§ **EXERCISE REQUIREMENTS**: Show all lines from the records below in which the string "refl" is present.

§ **EXERCISE DATA**:
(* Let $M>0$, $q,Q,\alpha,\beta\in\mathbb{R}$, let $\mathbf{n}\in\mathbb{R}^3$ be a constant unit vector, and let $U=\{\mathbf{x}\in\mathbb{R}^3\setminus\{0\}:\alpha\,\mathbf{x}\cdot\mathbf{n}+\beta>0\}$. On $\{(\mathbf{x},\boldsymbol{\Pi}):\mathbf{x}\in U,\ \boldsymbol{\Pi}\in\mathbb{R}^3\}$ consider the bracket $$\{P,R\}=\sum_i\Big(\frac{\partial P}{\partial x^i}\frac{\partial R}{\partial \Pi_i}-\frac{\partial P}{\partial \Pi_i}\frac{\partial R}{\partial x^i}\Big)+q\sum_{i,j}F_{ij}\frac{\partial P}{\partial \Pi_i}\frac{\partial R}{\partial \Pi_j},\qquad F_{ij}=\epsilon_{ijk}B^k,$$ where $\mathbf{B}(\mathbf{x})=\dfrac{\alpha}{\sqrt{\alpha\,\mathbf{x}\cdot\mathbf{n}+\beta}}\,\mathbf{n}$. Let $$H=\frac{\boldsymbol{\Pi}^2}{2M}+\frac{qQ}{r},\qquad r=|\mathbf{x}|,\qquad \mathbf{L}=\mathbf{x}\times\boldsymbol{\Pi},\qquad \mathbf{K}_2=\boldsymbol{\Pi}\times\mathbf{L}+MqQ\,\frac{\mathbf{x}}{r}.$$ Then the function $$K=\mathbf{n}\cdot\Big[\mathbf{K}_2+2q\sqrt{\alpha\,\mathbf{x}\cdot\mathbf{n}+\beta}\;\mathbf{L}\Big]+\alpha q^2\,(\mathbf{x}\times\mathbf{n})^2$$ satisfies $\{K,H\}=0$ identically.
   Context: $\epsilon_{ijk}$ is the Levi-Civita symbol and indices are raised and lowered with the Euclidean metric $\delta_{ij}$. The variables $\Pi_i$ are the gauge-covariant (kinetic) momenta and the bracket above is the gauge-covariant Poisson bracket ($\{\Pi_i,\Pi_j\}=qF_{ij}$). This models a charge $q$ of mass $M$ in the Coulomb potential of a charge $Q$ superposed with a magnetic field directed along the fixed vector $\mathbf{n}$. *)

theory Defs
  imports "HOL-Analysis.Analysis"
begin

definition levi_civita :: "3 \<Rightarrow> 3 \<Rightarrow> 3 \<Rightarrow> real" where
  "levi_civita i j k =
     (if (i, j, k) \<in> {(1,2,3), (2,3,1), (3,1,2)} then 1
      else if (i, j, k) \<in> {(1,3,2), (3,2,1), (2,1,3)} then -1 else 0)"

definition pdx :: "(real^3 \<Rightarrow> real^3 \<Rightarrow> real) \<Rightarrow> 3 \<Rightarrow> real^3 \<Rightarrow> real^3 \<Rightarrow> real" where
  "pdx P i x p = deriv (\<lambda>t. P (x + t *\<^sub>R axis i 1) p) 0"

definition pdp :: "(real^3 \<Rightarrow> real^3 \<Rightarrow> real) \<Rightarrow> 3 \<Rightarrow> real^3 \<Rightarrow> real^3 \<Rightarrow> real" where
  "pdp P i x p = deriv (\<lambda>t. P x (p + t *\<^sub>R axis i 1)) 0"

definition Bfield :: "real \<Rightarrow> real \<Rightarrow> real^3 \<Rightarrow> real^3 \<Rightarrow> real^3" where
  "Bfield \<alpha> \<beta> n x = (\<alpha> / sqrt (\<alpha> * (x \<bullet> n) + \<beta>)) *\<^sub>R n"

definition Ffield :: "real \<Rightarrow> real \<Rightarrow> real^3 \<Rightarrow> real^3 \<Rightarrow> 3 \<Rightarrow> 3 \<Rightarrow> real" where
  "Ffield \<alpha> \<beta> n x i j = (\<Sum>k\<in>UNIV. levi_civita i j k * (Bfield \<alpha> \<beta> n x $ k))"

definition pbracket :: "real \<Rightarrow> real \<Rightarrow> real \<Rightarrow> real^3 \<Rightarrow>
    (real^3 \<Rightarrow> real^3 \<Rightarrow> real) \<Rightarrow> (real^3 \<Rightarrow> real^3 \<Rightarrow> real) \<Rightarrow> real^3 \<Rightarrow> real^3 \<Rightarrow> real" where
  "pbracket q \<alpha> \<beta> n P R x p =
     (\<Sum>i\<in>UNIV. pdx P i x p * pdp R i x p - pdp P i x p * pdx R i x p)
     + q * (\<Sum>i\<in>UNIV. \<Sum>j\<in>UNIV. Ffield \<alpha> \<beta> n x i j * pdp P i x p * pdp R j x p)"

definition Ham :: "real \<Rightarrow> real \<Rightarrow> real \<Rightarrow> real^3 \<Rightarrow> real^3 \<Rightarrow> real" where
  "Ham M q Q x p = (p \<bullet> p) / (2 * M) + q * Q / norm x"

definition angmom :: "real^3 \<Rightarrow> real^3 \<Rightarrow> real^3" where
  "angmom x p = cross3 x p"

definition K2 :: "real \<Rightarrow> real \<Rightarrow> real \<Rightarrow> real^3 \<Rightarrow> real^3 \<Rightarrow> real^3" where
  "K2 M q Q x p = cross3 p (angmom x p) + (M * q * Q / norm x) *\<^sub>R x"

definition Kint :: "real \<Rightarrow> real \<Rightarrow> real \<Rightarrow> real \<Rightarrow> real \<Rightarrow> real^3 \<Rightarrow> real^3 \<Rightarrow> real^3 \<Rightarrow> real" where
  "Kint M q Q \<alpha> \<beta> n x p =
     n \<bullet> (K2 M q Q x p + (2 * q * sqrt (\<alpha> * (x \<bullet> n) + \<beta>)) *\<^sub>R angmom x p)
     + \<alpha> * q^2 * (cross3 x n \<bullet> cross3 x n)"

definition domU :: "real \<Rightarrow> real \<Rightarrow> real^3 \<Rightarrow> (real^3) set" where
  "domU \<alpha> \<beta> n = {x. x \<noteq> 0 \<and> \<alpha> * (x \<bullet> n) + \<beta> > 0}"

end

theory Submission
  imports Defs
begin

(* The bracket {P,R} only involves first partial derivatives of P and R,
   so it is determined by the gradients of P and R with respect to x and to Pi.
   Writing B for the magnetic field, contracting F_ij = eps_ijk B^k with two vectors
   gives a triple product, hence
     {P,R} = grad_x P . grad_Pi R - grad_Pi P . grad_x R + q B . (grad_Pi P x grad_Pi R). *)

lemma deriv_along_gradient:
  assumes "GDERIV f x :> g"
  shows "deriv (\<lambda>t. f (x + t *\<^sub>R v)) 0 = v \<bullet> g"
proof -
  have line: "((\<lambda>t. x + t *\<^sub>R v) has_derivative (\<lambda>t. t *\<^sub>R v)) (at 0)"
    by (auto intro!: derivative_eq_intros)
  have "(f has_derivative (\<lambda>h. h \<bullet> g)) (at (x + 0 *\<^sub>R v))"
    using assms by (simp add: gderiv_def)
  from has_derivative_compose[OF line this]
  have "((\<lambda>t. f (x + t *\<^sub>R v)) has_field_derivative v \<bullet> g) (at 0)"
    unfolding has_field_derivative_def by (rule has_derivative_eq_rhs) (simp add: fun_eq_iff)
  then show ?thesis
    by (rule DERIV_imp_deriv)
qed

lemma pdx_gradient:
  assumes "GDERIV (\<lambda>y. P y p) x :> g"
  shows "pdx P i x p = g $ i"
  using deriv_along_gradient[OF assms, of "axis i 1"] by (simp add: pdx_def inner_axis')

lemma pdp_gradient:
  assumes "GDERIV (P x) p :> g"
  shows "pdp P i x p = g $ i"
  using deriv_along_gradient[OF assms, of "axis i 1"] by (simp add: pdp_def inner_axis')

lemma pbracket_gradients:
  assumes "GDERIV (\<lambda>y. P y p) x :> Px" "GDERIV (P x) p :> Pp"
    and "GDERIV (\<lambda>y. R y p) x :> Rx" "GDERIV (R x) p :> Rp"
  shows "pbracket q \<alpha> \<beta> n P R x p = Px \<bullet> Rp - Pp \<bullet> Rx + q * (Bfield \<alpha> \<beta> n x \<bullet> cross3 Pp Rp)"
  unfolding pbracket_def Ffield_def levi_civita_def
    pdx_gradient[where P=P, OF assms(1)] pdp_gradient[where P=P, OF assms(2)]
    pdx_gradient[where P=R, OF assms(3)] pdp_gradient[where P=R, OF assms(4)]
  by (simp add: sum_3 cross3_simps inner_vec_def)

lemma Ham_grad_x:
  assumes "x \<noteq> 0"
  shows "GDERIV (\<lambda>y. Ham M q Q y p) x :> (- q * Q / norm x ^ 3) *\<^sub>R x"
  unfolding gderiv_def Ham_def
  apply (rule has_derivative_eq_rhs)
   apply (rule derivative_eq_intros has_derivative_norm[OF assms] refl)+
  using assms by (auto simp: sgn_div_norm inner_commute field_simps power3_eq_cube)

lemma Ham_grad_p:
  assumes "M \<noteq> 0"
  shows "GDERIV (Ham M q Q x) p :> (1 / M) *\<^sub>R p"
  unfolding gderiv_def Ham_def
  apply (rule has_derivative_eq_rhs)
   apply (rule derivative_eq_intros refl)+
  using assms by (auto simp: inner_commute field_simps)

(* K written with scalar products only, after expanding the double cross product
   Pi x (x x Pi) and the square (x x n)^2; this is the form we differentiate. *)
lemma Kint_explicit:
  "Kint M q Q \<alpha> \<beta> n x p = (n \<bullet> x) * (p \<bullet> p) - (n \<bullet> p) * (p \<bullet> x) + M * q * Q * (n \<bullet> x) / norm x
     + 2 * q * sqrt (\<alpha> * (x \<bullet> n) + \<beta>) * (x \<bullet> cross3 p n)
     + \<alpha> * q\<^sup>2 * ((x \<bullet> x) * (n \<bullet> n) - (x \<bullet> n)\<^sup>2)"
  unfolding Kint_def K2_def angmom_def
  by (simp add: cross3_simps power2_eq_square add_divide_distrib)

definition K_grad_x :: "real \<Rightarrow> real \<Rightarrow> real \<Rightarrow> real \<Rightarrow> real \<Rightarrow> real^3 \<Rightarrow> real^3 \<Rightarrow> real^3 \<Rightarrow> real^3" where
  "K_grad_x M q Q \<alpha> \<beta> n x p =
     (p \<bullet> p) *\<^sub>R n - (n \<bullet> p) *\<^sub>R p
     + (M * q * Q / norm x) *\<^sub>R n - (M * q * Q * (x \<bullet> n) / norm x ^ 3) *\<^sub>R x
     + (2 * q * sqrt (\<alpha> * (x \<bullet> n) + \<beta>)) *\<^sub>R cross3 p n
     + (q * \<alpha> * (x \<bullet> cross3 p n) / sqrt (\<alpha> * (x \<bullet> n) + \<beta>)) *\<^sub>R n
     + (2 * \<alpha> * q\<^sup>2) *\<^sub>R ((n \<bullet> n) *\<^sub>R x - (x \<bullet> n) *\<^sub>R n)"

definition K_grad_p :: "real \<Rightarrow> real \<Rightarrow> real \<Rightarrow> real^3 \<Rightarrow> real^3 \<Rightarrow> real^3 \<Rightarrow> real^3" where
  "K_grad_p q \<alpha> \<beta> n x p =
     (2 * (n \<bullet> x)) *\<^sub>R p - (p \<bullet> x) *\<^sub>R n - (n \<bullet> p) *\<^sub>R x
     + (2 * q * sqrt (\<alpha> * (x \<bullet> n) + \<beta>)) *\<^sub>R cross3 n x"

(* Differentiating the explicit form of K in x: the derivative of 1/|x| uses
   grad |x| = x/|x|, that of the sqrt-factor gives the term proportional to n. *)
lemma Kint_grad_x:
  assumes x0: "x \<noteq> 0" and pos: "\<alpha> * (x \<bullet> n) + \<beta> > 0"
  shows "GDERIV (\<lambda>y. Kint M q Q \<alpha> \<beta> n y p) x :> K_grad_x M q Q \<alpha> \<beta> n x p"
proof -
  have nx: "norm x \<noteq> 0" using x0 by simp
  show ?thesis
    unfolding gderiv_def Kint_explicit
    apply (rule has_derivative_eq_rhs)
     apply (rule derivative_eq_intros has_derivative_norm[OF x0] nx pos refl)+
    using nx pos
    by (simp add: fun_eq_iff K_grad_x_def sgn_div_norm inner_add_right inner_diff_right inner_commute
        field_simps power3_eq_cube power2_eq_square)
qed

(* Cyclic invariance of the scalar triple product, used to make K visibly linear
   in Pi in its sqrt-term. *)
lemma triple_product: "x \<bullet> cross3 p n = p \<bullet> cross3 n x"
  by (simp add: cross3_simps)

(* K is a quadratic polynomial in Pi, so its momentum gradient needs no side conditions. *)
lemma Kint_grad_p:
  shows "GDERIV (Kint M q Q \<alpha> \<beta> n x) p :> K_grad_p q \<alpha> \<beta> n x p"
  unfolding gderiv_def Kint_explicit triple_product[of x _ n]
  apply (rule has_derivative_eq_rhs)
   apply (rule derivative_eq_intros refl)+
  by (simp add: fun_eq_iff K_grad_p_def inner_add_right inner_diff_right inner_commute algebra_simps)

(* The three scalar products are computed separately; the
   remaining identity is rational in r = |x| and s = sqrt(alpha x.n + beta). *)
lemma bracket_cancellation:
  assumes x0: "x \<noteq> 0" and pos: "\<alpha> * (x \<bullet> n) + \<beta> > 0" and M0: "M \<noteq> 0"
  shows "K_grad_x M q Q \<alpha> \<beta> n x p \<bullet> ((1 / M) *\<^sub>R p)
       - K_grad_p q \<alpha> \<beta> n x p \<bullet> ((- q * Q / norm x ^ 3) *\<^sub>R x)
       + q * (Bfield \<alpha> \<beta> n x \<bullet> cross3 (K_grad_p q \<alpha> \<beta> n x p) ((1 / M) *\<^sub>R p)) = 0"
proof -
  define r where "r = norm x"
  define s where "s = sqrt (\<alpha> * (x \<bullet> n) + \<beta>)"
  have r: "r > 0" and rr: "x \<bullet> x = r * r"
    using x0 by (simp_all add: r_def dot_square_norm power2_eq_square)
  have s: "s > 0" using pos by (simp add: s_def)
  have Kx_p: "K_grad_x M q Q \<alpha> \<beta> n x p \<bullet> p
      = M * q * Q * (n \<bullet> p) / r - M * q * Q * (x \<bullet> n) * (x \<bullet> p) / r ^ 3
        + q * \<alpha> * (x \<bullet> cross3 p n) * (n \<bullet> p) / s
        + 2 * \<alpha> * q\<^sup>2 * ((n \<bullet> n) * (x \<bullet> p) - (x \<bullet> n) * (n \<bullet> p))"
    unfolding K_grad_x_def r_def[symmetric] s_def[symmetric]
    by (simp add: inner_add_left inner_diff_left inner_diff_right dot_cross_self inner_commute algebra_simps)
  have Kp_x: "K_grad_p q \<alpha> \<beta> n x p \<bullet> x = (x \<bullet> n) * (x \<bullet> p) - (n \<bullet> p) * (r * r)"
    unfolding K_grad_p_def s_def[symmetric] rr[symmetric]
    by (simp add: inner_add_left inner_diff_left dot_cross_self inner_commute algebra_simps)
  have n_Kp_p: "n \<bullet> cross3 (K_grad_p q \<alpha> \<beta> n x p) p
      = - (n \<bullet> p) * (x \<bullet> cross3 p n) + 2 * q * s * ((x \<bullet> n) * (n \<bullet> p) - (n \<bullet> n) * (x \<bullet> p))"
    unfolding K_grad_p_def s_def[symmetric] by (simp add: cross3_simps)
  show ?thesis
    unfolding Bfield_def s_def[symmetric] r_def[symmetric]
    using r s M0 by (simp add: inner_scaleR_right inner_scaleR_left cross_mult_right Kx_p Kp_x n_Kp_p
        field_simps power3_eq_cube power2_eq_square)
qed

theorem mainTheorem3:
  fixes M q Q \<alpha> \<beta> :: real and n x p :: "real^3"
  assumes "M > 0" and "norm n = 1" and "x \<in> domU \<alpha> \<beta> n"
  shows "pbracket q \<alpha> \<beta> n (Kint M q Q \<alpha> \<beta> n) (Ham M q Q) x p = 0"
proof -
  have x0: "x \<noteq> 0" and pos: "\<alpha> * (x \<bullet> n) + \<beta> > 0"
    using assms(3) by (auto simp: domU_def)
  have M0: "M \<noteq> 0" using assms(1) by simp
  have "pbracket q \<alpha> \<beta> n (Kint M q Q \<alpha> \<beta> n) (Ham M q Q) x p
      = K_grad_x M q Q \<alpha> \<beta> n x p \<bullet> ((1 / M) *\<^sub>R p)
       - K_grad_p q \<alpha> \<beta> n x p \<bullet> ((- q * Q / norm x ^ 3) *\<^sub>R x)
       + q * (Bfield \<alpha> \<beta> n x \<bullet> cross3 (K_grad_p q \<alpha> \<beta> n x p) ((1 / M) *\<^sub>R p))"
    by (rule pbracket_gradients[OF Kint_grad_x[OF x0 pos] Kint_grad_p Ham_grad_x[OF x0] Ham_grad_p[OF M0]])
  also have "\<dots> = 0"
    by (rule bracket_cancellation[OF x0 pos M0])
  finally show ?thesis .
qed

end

§ **TASK SOLUTION**:
   apply (rule derivative_eq_intros has_derivative_norm[OF assms] refl)+
   apply (rule derivative_eq_intros refl)+
     apply (rule derivative_eq_intros has_derivative_norm[OF x0] nx pos refl)+
   apply (rule derivative_eq_intros refl)+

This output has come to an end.